The problem is that the CPU shouldn't have to wait for the results of the occlusion query to know whether to issue the appropriate draw calls, because that can cause 2-3 frames of latency, which is too late. Instead, predicated rendering allows the GPU to turn a draw call into a no-op based on whether or not a buffer has a nonzero value in a particular place. The occlusion query can be hooked up to populate this value.
Direct3D 12
There's a command that can be added to the command list: ID3DGraphicsCommandList::SetPredication()
. It takes a buffer and an offset into the buffer. After issuing this command, future draw calls will consult with that 32-bit word in the buffer to determine if they should be turned into no-ops. There's a new resource state: D3D12_RESOURCE_STATE_PREDICATION
, which the buffer needs to be in (you can transition it to the state using ID3D12GraphicsCommandList::ResourceBarrier()).
But it's not just draw calls. Other operations are predicated too:
- DrawInstanced
- DrawIndexedInstanced
- Dispatch
- CopyTextureRegion
- CopyBufferRegion
- CopyResource
- CopyTiles
- ResolveSubresource
- ClearDepthStencilView
- ClearRenderTargetView
- ClearUnorderedAccessViewUint
- ClearUnorderedAccessViewFloat
- ExecuteIndirect
Vulkan - VK_EXT_conditional_rendering
GPUInfo says 31% Windows, 54% Linux, and 1% Android.
Works very similarly to D3D12. There's a new command you can issue in a command buffer: vkCmdBeginConditionalRenderingEXT(), and it takes a buffer and an offset just like D3D12 does. And, like D3D12, there are new flags values that this buffer needs to be vkCmdPipelineBarrier()
-ed to: VK_ACCESS_CONDITIONAL_RENDERING_READ_BIT_EXT
, VK_BUFFER_USAGE_CONDITIONAL_RENDERING_BIT_EXT
, and VK_PIPELINE_STAGE_CONDITIONAL_RENDERING_BIT_EXT
.
These operations are conditional:
- drawing commands
- dispatching commands
vkCmdClearAttachments()
Metal
Metal doesn't have a direct analogue to the other APIs.
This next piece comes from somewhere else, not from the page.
(* Let $n\ge3$. Define the rescaled times, for $p\ge0$, $$T^{\alpha,p}=\frac{(2n-2)\Gamma\big(p+1+\frac{2\alpha-1}{2n-2}\big)}{\Gamma\big(\frac{2\alpha-1}{2n-2}\big)}t_{(2n-2)p+2\alpha-1}\ (\alpha=1,\dots,n-1),\qquad T^{n,p}=\frac{2\Gamma(p+\frac32)}{\Gamma(\frac12)}\hat t_{2p+1},$$ and the operators (summation over repeated $\alpha,\beta\in\{1,\dots,n\}$) $$L_{-1}=\sum_{p\ge1}T^{\alpha,p}\frac{\partial}{\partial T^{\alpha,p-1}}+\frac12\eta_{\alpha\beta}T^{\alpha,0}T^{\beta,0},\qquad L_0=\sum_{p\ge0}\big(p+\tfrac12+\mu_\alpha\big)T^{\alpha,p}\frac{\partial}{\partial T^{\alpha,p}}+\frac14\operatorname{tr}\big(\tfrac14-\mu^2\big),$$ $$L_1=\sum_{p\ge0}\big(p+\tfrac12+\mu_\alpha\big)\big(p+\tfrac32+\mu_\alpha\big)T^{\alpha,p}\frac{\partial}{\partial T^{\alpha,p+1}}+\frac12\eta^{\alpha\beta}\big(\tfrac12+\mu_\alpha\big)\big(\tfrac12+\mu_\beta\big)\frac{\partial^2}{\partial T^{\alpha,0}\partial T^{\beta,0}},$$ $$L_2=\sum_{p\ge0}\big(p+\tfrac12+\mu_\alpha\big)\big(p+\tfrac32+\mu_\alpha\big)\big(p+\tfrac52+\mu_\alpha\big)T^{\alpha,p}\frac{\partial}{\partial T^{\alpha,p+2}}+\eta^{\alpha\beta}\big(\tfrac12-\mu_\alpha\big)\big(\tfrac12-\mu_\beta\big)\big(\tfrac32-\mu_\beta\big)\frac{\partial^2}{\partial T^{\alpha,1}\partial T^{\beta,0}},$$ and for $j\ge2$ define $L_{j+1}=\frac1{1-j}[L_1,L_j]$. Then $L_j=V_j$ for all $j\ge-1$ (in particular for $j=-1,0,1,2$ by direct comparison, including the constant term of $L_0$).
   Context: $\mu=\operatorname{diag}(\mu_1,\dots,\mu_n)$ with $\mu_\alpha=\frac{2\alpha-n}{2n-2}$ for $\alpha=1,\dots,n-1$ and $\mu_n=0$; $\operatorname{tr}(\frac14-\mu^2)=\sum_\alpha(\frac14-\mu_\alpha^2)$. $\eta_{\alpha\beta}=\frac1{4n-4}\delta_{\alpha+\beta,n}+\frac14\delta_{\alpha n}\delta_{\beta n}$ ($\alpha,\beta=1,\dots,n$), and $(\eta^{\alpha\beta})$ is its inverse matrix. Here $t_k,\hat t_k$ ($k=1,3,5,\dots$) are the times of the Drinfeld–Sokolov hierarchy of type $D_n$, and $V_j=\frac1{8n-8}\sum_{i\in\mathbb Z}:p_ip_{(2n-2)j-i}:+\frac18\sum_{i\in\mathbb Z}:\hat p_i\hat p_{2j-i}:+\delta_{j0}\frac n{24}(1+\frac1{2n-2})$, where for odd $k>0$, $p_k=2\partial/\partial t_k$, $p_{-k}=kt_k$, $\hat p_k=2\partial/\partial\hat t_k$, $\hat p_{-k}=k\hat t_k$, $p_i=\hat p_i=0$ for even $i$, and the normal ordering $:\ :$ places $p_{k>0}$ to the right of $p_{k<0}$. The $V_j$ satisfy $[V_i,V_j]=(i-j)V_{i+j}+\delta_{i+j,0}\frac n{12}(i^3-i)$. *)

theory Defs
  imports "HOL-Analysis.Analysis" "HOL-Library.Poly_Mapping" "HOL-Library.Groups_Big_Fun"
begin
Instead, the effect can be achieved two different ways:
- The
indirect
flavor of draw commands and dispatch commands. ThevertexCount
andinstanceCount
fields, as present inside the indirect buffer, can be set to 0, which effectively no-ops the draw call. - Using Indirect Command Buffers. These can be recorded on the GPU, which means the draw calls themselves can be omitted from the recording. See the related issue for more discussion.
Both D3D12 and Vulkan have optional support for indirect commands; indeed, they are already part of WebGPU. Both D3D12 and Vulkan also have optional support for Indirect Command Buffers, though in Vulkan, it's only achievable using the vendor-specific VK_NVX_device_generated_commands
.
Indirect draws/dispatches are available on all relevant Metal devices. Indirect Command Buffers are only available on some relevant Metal devices. The Metal Feature Set Tables contain additional information. Given that predicated rendering already would be optional because Vulkan support for VK_EXT_conditional_rendering
is optional, both of these options seem reasonable.